* _Problem to work on_: Set down exactly the lines below, starting at the one that contains "using v sym_mat_inner[of" and ending at the one that contains "(R *v w) \<le>", with both of those lines included and nothing else.

* _Data listing_:
lemma psd_invertible_imp_posdef:
  fixes A :: "real^'n^'n"
  assumes "sym_mat A" "\<And>x. 0 \<le> x \<bullet> (A *v x)" "invertible A"
  shows "posdef A"
proof -
  obtain B mu where eb: "orthonormal_eigenbasis A B mu"
    using spectral_theorem[OF assms(1)] .
  have "mu b > 0" if "b \<in> B" for b
  proof -
    have "b \<bullet> b = 1" "A *v b = mu b *\<^sub>R b"
      using that orthonormal_eigenbasisD[OF eb] orthonormal_basisD(2) by auto
    moreover have "A *v b \<noteq> 0"
      using \<open>b \<bullet> b = 1\<close> inj_matrix_vector_mult[OF assms(3)]
      by (metis inner_zero_left injD matrix_vector_mult_0_right zero_neq_one)
    ultimately show ?thesis
      using assms(2)[of b] by (metis inner_scaleR_right less_eq_real_def mult.right_neutral scaleR_zero_left)
  qed
  then show ?thesis
    using eigenbasis_posdef_iff[OF eb] by blast
qed

lemma posdef_matrix_inv:
  fixes A :: "real^'n^'n"
  assumes "posdef A"
  shows "posdef (matrix_inv A)"
proof (rule psd_invertible_imp_posdef)
  have inv: "invertible A"
    by (rule posdef_invertible[OF assms])
  show "sym_mat (matrix_inv A)"
    using assms inv posdef_def sym_mat_matrix_inv by blast
  show "0 \<le> x \<bullet> (matrix_inv A *v x)" for x
    using posdef_nonneg[OF assms, of "matrix_inv A *v x"]
    by (simp add: matrix_vector_mul_assoc matrix_inv_right[OF inv] inner_commute)
  show "invertible (matrix_inv A)"
    by (rule invertible_matrix_inv[OF inv])
qed

lemma posdef_matrix_inv_quadratic_le:
  fixes A :: "real^'n^'n"
  assumes "posdef A"
  shows "y \<bullet> (matrix_inv A *v y) \<le> (y \<bullet> y) / lambda_min A"
proof -
  have inv: "invertible A"
    by (rule posdef_invertible[OF assms])
  define z where "z = matrix_inv A *v y"
  have "y = A *v z"
    unfolding z_def by (simp add: matrix_vector_mul_assoc matrix_inv_right[OF inv])
  then have "lambda_min A * (z \<bullet> (A *v z)) \<le> y \<bullet> y"
    using posdef_norm_square_bounds(1)[OF assms, of z] by simp
  moreover have "y \<bullet> (matrix_inv A *v y) = z \<bullet> (A *v z)"
    unfolding z_def by (simp add: matrix_vector_mul_assoc matrix_inv_right[OF inv] inner_commute)
  ultimately show ?thesis
    using posdef_lambda_min_pos[OF assms] by (simp add: field_simps)
qed

lemma posdef_congruence:
  fixes A :: "real^'m^'m" and N :: "real^'n^'m"
  assumes "posdef A" "inj ((*v) N)"
  shows "posdef (transpose N ** A ** N)"
  unfolding posdef_def
proof (intro conjI allI impI)
  show "sym_mat (transpose N ** A ** N)"
    using assms(1) sym_mat_congruence unfolding posdef_def by blast
  show "x \<bullet> ((transpose N ** A ** N) *v x) > 0" if "x \<noteq> 0" for x
    using assms that unfolding posdef_def inner_congruence
    by (metis injD matrix_vector_mult_0_right)
qed

section \<open>Matrix square roots and pseudoinverses\<close>

definition spectral_matrix :: "(real^'n) set \<Rightarrow> (real^'n \<Rightarrow> real) \<Rightarrow> real^'n^'n" where
  "spectral_matrix B d = matrix (\<lambda>x. \<Sum>b\<in>B. (d b * (x \<bullet> b)) *\<^sub>R b)"

lemma orthonormal_eigenbasis_spectral_matrix:
  fixes B :: "(real^'n) set"
  assumes "orthonormal_basis B"
  shows "orthonormal_eigenbasis (spectral_matrix B d) B d"
proof -
  have "linear (\<lambda>x. \<Sum>b\<in>B. (d b * (x \<bullet> b)) *\<^sub>R (b::real^'n))"
    by (rule linearI)
      (simp_all add: inner_add_left distrib_left scaleR_add_left sum.distrib
        scaleR_sum_right mult.left_commute)
  then have "spectral_matrix B d *v x = (\<Sum>b\<in>B. (d b * (x \<bullet> b)) *\<^sub>R b)" for x
    unfolding spectral_matrix_def by (simp add: matrix_works)
  moreover have "(\<Sum>b\<in>B. (d b * (c \<bullet> b)) *\<^sub>R b) = d c *\<^sub>R c" if "c \<in> B" for c
  proof -
    have "(\<Sum>b\<in>B. (d b * (c \<bullet> b)) *\<^sub>R b) = (\<Sum>b\<in>B. if b = c then d c *\<^sub>R c else 0)"
      using orthonormal_basisD[OF assms] that by (intro sum.cong) (auto simp: inner_commute)
    then show ?thesis
      using that orthonormal_basisD(1)[OF assms] by simp
  qed
  ultimately show ?thesis
    unfolding orthonormal_eigenbasis_def using assms by simp
qed

lemma matrix_eq_on_spanning:
  fixes M N :: "real^'n^'m"
  assumes "span C = UNIV" "\<And>b. b \<in> C \<Longrightarrow> M *v b = N *v b"
  shows "M = N"
proof -
  have "M *v x = N *v x" for x
    using linear_eq_on_span[OF matrix_vector_mul_linear matrix_vector_mul_linear, of C] assms by auto
  then show ?thesis by (simp add: matrix_eq)
qed

lemma posdef_square_root_eigenvector:
  fixes R :: "real^'n^'n"
  assumes R: "posdef R" and G: "G = R ** R" and v: "G *v v = g *\<^sub>R v"
  shows "R *v v = sqrt g *\<^sub>R v"
proof (cases "v = 0")
  case False
  have "g * (v \<bullet> v) = (R *v v) \<bullet> (R *v v)"
    using v sym_mat_inner[of R v "R *v v"] R unfolding G posdef_def
    by (simp add: matrix_vector_mul_assoc[symmetric])
  then have "g \<ge> 0"
    using False by (metis inner_ge_zero inner_gt_zero_iff zero_le_mult_iff not_less)
  define w where "w = R *v v - sqrt g *\<^sub>R v"
  have "R *v w = - (sqrt g *\<^sub>R w)"
    using v \<open>g \<ge> 0\<close> unfolding w_def G
    by (simp add: matrix_vector_mult_diff_distrib matrix_vector_mult_scaleR algebra_simps
        matrix_vector_mul_assoc[symmetric])
  then have "w \<bullet> (R *v w) \<le> 0"
    using \<open>g \<ge> 0\<close> by simp
  then have "w = 0"
    using R unfolding posdef_def by (meson not_less)
  then show ?thesis unfolding w_def by simp
qed simp

lemma posdef_square_root_unique:
  fixes R1 R2 :: "real^'n^'n"
  assumes "posdef R1" "posdef R2" "R1 ** R1 = R2 ** R2"
  shows "R1 = R2"
proof -
  have "sym_mat (R1 ** R1)"
    using sym_mat_congruence[of "mat 1" R1] assms(1) unfolding posdef_def sym_mat_def
    by (simp add: matrix_transpose_mul)
  then obtain B mu where eb: "orthonormal_eigenbasis (R1 ** R1) B mu"
    using spectral_theorem by blast
  show ?thesis
  proof (rule matrix_eq_on_spanning)
    show "span B = UNIV"
      using orthonormal_basisD(4) orthonormal_eigenbasisD(1)[OF eb] by blast
    show "R1 *v b = R2 *v b" if "b \<in> B" for b
      using posdef_square_root_eigenvector[OF assms(1) refl orthonormal_eigenbasisD(2)[OF eb that]]
        posdef_square_root_eigenvector[OF assms(2) assms(3) orthonormal_eigenbasisD(2)[OF eb that]]
      by simp
  qed
qed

* _Finished task_:
    using v sym_mat_inner[of R v "R *v v"] R unfolding G posdef_def
    by (simp add: matrix_vector_mul_assoc[symmetric])
  then have "g \<ge> 0"
    using False by (metis inner_ge_zero inner_gt_zero_iff zero_le_mult_iff not_less)
  define w where "w = R *v v - sqrt g *\<^sub>R v"
  have "R *v w = - (sqrt g *\<^sub>R w)"
    using v \<open>g \<ge> 0\<close> unfolding w_def G
    by (simp add: matrix_vector_mult_diff_distrib matrix_vector_mult_scaleR algebra_simps
        matrix_vector_mul_assoc[symmetric])
  then have "w \<bullet> (R *v w) \<le> 0"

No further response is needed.